Record set Start Marker

lemma I_set_1_1: "I_set 1 1 = {[1]}"
proof -
  have "ts = [1]" if "ts \<in> I_set 1 1" for ts
    using that by (cases ts) (auto simp: I_set_def)
  moreover have "[1] \<in> I_set 1 1" by (auto simp: I_set_def)
  ultimately show ?thesis by blast
qed

lemma I_set_Suc_Suc:
  "I_set (Suc (Suc n)) (Suc l) = I_set n (Suc l) \<union> (\<lambda>us. us @ [Suc (Suc n)]) ` I_set (Suc n) l"
  (is "?L = ?R")
proof (intro equalityI subsetI)
  fix ts assume ts: "ts \<in> ?L"
  then have "ts \<noteq> []" by (auto simp: I_set_def)
  then obtain us x where ts_eq: "ts = us @ [x]" by (metis rev_exhaust)
  have us: "length us = l" "sorted_wrt (<) us" "set us \<subseteq> {1..Suc (Suc n)}" "\<forall>y\<in>set us. y < x"
    and x: "1 \<le> x" "x \<le> Suc (Suc n)"
    and par: "\<And>k. k < Suc l \<Longrightarrow> ((us @ [x]) ! k + Suc l) mod 2 = (Suc (Suc n) + k + 1) mod 2"
    using ts unfolding ts_eq I_set_parity by (auto simp: sorted_wrt_append)
  have "(x + Suc l) mod 2 = (Suc (Suc n) + l + 1) mod 2"
    using par[of l] us(1) by (simp add: nth_append)
  hence "x \<noteq> Suc n" by (auto simp: mod2_eq_if split: if_splits)
  show "ts \<in> ?R"
  proof (cases "x = Suc (Suc n)")
    case True
    have "set us \<subseteq> {1..Suc n}" using us(3,4) True by (auto simp: subset_iff less_Suc_eq_le)
    moreover have "(us ! k + l) mod 2 = (Suc n + k + 1) mod 2" if "k < l" for k
      using par[of k] that us(1) by (simp add: nth_append mod2_eq_if split: if_splits)
    ultimately have "us \<in> I_set (Suc n) l" using us(1,2) unfolding I_set_parity by blast
    thus ?thesis using ts_eq True by blast
  next
    case False
    with x \<open>x \<noteq> Suc n\<close> have "x \<le> n" by linarith
    have "set ts \<subseteq> {1..n}" using us(3,4) x \<open>x \<le> n\<close> unfolding ts_eq by (auto simp: subset_iff)
    moreover have "(ts ! k + Suc l) mod 2 = (n + k + 1) mod 2" if "k < Suc l" for k
      using par[OF that] unfolding ts_eq by (simp add: mod2_eq_if split: if_splits)
    ultimately have "ts \<in> I_set n (Suc l)" using ts unfolding I_set_parity by blast
    thus ?thesis by blast
  qed
next
  fix ts assume "ts \<in> ?R"
  then consider "ts \<in> I_set n (Suc l)" | us where "us \<in> I_set (Suc n) l" "ts = us @ [Suc (Suc n)]"
    by blast
  then show "ts \<in> ?L"
  proof cases
    case 1
    hence "set ts \<subseteq> {1..Suc (Suc n)}" unfolding I_set_parity by auto
    moreover have "(ts ! k + Suc l) mod 2 = (Suc (Suc n) + k + 1) mod 2" if "k < Suc l" for k
      using 1 that unfolding I_set_parity by (simp add: mod2_eq_if split: if_splits)
    ultimately show ?thesis using 1 unfolding I_set_parity by blast
  next
    case 2
    have us: "length us = l" "sorted_wrt (<) us" "set us \<subseteq> {1..Suc n}"
      and par: "\<And>k. k < l \<Longrightarrow> (us ! k + l) mod 2 = (Suc n + k + 1) mod 2"
      using 2(1) unfolding I_set_parity by auto
    have "sorted_wrt (<) ts" using us(2,3) 2(2) by (auto simp: sorted_wrt_append)
    moreover have "set ts \<subseteq> {1..Suc (Suc n)}" using us(3) 2(2) by auto
    moreover have "(ts ! k + Suc l) mod 2 = (Suc (Suc n) + k + 1) mod 2" if "k < Suc l" for k
    proof (cases "k < l")
      case True
      then show ?thesis using par[OF True] us(1) 2(2) by (simp add: nth_append mod2_eq_if split: if_splits)
    next
      case False
      with that have "k = l" by simp
      then show ?thesis using us(1) 2(2) by (simp add: nth_append)
    qed
    ultimately show ?thesis using us(1) 2(2) unfolding I_set_parity by simp
  qed
qed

Record set End Marker

Go to the line with "(Suc n) + l" in the entries above and repeat every line from there through the line with "2(2) by (auto simp: sorted_wrt_append)", exactly and with no other text.

  have "(x + Suc l) mod 2 = (Suc (Suc n) + l + 1) mod 2"
    using par[of l] us(1) by (simp add: nth_append)
  hence "x \<noteq> Suc n" by (auto simp: mod2_eq_if split: if_splits)
  show "ts \<in> ?R"
  proof (cases "x = Suc (Suc n)")
    case True
    have "set us \<subseteq> {1..Suc n}" using us(3,4) True by (auto simp: subset_iff less_Suc_eq_le)
    moreover have "(us ! k + l) mod 2 = (Suc n + k + 1) mod 2" if "k < l" for k
      using par[of k] that us(1) by (simp add: nth_append mod2_eq_if split: if_splits)
    ultimately have "us \<in> I_set (Suc n) l" using us(1,2) unfolding I_set_parity by blast
    thus ?thesis using ts_eq True by blast
  next
    case False
    with x \<open>x \<noteq> Suc n\<close> have "x \<le> n" by linarith
    have "set ts \<subseteq> {1..n}" using us(3,4) x \<open>x \<le> n\<close> unfolding ts_eq by (auto simp: subset_iff)
    moreover have "(ts ! k + Suc l) mod 2 = (n + k + 1) mod 2" if "k < Suc l" for k
      using par[OF that] unfolding ts_eq by (simp add: mod2_eq_if split: if_splits)
    ultimately have "ts \<in> I_set n (Suc l)" using ts unfolding I_set_parity by blast
    thus ?thesis by blast
  qed
next
  fix ts assume "ts \<in> ?R"
  then consider "ts \<in> I_set n (Suc l)" | us where "us \<in> I_set (Suc n) l" "ts = us @ [Suc (Suc n)]"
    by blast
  then show "ts \<in> ?L"
  proof cases
    case 1
    hence "set ts \<subseteq> {1..Suc (Suc n)}" unfolding I_set_parity by auto
    moreover have "(ts ! k + Suc l) mod 2 = (Suc (Suc n) + k + 1) mod 2" if "k < Suc l" for k
      using 1 that unfolding I_set_parity by (simp add: mod2_eq_if split: if_splits)
    ultimately show ?thesis using 1 unfolding I_set_parity by blast
  next
    case 2
    have us: "length us = l" "sorted_wrt (<) us" "set us \<subseteq> {1..Suc n}"
      and par: "\<And>k. k < l \<Longrightarrow> (us ! k + l) mod 2 = (Suc n + k + 1) mod 2"
      using 2(1) unfolding I_set_parity by auto
    have "sorted_wrt (<) ts" using us(2,3) 2(2) by (auto simp: sorted_wrt_append)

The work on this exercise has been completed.